Given entries section start

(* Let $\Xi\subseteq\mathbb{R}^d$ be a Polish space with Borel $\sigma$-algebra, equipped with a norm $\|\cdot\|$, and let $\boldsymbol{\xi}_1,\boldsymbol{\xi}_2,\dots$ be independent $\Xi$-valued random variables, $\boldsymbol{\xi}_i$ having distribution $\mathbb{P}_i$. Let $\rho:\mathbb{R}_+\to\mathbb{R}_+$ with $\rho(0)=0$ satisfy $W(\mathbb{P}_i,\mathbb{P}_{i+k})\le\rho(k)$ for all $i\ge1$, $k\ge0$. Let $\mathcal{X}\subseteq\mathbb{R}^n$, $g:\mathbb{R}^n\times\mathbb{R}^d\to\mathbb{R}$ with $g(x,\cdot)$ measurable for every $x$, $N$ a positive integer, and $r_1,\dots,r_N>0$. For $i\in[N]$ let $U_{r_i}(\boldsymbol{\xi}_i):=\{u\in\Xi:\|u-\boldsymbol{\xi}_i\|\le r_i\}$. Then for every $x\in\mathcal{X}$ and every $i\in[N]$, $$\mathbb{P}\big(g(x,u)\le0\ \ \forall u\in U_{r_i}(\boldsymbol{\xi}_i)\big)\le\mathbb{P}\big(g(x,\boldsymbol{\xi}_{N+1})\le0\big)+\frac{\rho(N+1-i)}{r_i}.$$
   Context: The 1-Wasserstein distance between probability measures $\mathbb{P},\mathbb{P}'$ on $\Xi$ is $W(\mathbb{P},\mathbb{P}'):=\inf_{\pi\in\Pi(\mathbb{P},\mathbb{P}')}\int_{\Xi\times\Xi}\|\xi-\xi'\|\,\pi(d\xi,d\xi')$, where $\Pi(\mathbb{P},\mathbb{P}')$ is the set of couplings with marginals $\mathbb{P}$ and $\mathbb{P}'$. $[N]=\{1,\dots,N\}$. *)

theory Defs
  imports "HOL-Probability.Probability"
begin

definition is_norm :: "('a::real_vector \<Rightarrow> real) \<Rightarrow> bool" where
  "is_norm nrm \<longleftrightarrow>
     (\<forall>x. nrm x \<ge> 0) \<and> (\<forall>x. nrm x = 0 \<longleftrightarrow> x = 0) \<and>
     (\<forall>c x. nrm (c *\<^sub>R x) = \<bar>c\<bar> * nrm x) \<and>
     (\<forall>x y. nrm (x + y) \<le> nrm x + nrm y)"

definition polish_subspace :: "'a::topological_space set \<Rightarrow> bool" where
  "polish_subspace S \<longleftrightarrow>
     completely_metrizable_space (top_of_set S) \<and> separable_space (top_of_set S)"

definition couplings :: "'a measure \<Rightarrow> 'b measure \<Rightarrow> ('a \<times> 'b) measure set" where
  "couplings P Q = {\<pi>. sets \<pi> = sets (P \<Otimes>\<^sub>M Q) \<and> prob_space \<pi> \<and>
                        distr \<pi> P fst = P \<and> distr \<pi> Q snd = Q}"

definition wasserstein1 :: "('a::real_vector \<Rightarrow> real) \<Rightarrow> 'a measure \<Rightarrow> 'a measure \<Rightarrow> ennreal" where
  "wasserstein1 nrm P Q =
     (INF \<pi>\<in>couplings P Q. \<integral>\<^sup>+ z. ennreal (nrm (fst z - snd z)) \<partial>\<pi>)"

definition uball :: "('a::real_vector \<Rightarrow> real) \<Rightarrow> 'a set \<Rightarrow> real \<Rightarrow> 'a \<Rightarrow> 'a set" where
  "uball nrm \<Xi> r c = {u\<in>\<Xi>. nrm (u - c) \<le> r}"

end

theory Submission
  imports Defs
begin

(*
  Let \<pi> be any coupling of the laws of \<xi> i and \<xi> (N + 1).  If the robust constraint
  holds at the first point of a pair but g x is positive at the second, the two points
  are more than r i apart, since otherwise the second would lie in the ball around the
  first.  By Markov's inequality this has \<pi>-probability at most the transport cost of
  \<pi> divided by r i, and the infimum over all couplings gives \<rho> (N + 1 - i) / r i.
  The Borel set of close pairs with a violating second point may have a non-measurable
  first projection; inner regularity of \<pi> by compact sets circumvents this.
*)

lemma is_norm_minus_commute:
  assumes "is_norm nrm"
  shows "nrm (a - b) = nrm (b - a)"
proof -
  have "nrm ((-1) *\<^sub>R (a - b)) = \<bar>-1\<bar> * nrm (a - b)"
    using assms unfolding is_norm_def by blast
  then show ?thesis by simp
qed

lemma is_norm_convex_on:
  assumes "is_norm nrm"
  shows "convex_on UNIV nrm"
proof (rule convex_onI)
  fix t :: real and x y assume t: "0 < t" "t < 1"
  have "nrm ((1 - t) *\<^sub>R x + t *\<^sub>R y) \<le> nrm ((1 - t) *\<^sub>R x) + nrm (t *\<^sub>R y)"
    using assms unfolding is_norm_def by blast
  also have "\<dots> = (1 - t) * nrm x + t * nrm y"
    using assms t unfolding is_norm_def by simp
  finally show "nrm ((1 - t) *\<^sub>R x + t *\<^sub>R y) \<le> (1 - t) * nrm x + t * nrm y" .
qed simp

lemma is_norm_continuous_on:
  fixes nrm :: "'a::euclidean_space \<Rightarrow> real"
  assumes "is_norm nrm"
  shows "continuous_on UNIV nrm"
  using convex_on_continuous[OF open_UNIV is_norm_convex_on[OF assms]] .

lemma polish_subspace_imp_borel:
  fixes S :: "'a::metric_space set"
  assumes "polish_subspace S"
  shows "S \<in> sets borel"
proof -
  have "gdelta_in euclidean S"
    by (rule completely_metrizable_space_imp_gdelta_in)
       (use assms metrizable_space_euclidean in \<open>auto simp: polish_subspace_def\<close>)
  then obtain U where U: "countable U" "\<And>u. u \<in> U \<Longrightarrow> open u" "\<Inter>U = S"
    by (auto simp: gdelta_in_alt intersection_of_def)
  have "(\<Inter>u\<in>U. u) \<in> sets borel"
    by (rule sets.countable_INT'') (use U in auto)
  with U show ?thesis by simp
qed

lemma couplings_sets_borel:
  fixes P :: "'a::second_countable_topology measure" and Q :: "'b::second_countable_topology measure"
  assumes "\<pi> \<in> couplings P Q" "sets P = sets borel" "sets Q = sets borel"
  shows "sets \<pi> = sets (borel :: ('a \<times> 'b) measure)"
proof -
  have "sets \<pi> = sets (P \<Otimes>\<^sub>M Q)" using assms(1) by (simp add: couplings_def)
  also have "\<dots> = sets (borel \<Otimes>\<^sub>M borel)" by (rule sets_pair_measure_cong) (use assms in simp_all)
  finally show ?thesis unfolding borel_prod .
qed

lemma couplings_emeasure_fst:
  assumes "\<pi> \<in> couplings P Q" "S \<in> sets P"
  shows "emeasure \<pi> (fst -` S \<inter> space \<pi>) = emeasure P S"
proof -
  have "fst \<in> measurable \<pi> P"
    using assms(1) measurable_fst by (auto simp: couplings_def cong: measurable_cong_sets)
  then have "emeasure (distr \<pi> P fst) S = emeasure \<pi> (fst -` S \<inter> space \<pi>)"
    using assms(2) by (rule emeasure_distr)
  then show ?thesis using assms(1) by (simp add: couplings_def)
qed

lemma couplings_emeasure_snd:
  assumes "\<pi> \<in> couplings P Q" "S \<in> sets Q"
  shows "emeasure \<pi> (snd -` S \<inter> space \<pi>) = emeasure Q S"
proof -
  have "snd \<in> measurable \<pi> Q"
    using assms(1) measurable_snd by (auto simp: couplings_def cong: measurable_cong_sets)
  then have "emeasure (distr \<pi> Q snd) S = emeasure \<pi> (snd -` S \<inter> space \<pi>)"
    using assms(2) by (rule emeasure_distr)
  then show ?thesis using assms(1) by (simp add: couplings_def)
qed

Given entries section end
Given entries section start

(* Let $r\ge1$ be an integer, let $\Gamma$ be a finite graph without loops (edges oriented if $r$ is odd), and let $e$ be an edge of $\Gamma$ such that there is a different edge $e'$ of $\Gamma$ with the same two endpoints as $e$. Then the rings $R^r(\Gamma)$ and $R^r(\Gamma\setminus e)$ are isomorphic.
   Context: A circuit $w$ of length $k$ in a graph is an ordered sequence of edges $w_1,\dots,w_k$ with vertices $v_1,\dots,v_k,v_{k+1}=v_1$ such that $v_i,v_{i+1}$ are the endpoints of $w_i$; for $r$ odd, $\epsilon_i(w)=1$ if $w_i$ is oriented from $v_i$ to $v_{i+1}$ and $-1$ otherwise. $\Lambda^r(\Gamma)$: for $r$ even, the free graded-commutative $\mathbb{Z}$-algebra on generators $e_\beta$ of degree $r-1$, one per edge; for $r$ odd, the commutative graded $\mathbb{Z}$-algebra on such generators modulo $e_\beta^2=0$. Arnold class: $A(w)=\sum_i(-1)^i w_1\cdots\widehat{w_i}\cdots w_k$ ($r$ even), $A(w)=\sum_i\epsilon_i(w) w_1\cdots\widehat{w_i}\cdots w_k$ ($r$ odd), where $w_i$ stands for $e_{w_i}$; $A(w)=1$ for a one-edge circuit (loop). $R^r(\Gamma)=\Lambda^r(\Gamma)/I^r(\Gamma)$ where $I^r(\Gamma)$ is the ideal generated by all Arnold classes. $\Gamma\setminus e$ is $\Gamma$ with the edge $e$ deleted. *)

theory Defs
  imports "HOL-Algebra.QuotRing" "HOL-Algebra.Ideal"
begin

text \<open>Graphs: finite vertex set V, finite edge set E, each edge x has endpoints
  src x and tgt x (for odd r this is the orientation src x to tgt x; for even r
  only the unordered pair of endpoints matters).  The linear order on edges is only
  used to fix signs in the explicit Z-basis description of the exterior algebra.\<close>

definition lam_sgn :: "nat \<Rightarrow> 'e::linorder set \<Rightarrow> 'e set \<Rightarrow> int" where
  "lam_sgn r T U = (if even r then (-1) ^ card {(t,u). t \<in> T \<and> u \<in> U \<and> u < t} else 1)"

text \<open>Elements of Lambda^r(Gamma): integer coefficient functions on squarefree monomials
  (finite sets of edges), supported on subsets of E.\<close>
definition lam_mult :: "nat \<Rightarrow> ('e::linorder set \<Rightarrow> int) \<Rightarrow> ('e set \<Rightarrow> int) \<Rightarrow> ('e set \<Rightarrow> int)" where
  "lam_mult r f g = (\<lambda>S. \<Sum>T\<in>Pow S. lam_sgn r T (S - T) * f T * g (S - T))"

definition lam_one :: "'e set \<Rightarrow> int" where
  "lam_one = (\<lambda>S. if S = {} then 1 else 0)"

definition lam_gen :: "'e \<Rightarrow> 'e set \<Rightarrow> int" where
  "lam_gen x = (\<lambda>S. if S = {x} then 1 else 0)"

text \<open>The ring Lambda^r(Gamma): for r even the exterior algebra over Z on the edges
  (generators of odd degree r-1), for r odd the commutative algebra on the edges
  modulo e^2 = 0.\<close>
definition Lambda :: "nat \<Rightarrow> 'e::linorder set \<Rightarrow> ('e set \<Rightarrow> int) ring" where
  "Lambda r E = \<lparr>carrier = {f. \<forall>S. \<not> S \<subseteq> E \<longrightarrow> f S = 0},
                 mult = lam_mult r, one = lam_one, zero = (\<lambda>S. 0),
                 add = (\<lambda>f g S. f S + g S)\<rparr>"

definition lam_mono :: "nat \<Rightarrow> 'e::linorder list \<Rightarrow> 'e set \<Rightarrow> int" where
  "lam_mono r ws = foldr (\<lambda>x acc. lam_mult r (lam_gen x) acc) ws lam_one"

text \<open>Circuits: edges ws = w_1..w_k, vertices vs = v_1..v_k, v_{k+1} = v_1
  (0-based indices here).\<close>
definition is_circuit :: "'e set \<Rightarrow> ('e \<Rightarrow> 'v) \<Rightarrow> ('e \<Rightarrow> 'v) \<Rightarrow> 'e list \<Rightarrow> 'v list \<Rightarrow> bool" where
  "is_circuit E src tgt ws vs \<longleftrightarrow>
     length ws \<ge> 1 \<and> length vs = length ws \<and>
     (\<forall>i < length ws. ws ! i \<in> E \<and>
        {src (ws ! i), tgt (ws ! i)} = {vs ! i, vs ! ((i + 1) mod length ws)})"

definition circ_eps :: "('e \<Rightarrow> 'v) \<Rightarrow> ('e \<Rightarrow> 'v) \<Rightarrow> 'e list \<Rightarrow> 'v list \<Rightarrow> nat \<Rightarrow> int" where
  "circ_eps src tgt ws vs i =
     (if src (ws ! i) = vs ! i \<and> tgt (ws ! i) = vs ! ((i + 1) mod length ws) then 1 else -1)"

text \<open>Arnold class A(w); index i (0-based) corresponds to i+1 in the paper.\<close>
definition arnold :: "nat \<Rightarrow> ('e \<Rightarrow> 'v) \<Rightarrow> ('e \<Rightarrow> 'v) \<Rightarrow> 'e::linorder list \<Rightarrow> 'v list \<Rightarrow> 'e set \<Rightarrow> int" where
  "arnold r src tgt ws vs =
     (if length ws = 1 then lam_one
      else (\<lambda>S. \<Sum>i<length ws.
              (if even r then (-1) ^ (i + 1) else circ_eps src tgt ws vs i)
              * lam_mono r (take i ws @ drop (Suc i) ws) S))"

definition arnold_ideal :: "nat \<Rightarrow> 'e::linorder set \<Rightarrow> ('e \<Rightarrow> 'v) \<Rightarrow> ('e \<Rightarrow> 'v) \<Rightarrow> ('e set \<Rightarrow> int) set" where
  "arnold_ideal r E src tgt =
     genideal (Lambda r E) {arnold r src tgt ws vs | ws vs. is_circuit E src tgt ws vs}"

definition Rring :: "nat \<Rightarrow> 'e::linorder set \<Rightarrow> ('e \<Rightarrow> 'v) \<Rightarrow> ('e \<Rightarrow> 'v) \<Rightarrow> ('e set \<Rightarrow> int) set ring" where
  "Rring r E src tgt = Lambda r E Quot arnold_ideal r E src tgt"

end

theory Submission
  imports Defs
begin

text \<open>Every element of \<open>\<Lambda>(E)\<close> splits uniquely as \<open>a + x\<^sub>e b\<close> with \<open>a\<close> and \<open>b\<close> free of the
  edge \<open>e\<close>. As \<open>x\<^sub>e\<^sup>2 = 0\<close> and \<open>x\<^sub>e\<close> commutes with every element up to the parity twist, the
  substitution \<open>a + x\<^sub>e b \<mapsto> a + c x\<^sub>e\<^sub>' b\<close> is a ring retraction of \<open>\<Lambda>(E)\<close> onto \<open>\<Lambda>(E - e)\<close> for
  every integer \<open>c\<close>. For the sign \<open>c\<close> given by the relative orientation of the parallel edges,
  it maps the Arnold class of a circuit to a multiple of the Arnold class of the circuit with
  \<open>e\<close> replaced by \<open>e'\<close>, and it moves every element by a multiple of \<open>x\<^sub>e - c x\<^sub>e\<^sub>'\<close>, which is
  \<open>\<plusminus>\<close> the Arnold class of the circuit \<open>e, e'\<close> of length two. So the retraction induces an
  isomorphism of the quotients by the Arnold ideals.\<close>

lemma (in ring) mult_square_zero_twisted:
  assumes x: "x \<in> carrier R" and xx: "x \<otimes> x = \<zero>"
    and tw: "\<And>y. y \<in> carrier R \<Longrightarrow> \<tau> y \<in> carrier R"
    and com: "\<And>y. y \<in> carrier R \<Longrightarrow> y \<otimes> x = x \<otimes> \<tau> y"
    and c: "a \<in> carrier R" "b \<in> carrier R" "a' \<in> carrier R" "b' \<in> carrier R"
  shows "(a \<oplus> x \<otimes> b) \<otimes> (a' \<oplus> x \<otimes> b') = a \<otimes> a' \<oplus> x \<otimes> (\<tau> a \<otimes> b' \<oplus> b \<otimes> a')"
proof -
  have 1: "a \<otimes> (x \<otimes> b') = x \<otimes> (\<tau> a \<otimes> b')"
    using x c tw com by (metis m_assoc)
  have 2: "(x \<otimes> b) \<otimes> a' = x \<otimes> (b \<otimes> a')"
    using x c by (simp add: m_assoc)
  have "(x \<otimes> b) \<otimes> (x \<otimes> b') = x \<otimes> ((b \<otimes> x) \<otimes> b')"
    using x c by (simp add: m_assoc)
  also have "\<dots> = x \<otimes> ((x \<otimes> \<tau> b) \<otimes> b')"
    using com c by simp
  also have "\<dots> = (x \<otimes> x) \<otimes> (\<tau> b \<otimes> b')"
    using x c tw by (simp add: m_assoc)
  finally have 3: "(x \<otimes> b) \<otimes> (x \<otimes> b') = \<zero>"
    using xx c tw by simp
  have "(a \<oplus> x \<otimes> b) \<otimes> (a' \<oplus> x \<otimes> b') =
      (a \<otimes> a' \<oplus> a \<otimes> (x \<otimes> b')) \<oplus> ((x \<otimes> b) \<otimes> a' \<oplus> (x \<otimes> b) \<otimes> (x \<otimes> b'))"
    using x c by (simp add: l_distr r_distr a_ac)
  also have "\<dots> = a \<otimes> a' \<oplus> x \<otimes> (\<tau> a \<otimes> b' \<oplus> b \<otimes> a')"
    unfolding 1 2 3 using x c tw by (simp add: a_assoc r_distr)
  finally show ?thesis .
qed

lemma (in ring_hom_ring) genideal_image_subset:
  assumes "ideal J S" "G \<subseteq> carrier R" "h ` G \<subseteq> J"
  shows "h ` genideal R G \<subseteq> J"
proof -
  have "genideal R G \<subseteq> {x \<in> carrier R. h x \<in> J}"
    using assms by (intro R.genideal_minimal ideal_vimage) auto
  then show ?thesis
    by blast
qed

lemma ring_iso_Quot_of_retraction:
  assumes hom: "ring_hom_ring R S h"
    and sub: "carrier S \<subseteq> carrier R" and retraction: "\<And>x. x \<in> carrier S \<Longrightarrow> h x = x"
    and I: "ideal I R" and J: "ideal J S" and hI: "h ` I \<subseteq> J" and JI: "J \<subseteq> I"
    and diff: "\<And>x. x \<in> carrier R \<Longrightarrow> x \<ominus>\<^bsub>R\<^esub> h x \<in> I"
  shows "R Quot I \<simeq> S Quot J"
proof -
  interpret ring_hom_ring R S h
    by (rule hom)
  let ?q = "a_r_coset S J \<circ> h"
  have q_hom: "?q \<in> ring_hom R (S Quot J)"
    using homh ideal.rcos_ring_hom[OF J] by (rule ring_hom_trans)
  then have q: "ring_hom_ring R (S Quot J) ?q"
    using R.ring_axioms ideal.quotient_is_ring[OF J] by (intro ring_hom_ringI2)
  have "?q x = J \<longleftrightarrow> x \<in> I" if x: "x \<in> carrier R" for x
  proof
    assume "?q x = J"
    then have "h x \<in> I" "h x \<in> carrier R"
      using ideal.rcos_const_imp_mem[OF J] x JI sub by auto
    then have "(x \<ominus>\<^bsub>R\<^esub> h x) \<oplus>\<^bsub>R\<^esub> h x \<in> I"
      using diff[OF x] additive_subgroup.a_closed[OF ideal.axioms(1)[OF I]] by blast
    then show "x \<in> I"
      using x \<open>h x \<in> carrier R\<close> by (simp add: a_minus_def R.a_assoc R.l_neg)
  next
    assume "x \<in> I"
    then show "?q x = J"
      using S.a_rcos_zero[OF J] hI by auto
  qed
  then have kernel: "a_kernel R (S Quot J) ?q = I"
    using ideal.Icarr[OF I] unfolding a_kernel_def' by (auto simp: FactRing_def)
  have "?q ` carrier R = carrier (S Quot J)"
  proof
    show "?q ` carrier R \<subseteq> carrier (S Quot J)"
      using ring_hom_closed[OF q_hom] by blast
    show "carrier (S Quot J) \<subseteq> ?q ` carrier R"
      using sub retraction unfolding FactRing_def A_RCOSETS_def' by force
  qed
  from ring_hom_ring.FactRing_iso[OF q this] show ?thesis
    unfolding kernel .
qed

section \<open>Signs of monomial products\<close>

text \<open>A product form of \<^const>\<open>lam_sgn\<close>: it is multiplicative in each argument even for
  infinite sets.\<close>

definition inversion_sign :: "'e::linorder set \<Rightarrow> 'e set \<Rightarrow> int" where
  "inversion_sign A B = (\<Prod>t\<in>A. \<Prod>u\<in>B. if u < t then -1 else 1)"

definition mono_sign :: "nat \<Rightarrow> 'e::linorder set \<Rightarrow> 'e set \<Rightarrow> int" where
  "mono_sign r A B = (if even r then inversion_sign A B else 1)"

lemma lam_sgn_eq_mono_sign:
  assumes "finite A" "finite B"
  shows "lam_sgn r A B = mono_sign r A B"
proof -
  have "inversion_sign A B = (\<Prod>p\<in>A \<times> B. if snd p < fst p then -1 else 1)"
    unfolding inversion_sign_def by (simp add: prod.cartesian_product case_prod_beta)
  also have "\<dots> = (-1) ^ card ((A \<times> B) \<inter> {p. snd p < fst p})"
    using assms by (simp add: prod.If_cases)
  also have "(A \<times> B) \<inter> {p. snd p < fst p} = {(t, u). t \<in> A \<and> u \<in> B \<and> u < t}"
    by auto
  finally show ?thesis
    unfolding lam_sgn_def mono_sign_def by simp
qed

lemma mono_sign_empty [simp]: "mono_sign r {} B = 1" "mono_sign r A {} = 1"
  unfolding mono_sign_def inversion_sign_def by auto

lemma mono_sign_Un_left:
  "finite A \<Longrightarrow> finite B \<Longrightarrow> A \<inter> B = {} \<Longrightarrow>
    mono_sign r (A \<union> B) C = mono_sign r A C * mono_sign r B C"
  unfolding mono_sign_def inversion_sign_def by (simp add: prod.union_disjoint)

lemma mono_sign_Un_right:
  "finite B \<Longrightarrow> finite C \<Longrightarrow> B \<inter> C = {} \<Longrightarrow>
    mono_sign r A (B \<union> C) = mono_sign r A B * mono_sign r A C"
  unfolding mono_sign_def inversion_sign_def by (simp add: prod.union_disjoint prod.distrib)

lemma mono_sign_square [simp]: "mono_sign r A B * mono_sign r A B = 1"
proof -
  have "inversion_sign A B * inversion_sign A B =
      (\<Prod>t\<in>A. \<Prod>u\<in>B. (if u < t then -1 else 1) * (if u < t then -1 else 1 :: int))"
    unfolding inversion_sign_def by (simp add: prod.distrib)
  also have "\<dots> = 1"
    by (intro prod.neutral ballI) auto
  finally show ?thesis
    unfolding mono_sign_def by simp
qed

Given entries section end

(About this task): Reproduce every line in the data that has the word "orientation" in it.

(Result):
  src x and tgt x (for odd r this is the orientation src x to tgt x; for even r
  every integer \<open>c\<close>. For the sign \<open>c\<close> given by the relative orientation of the parallel edges,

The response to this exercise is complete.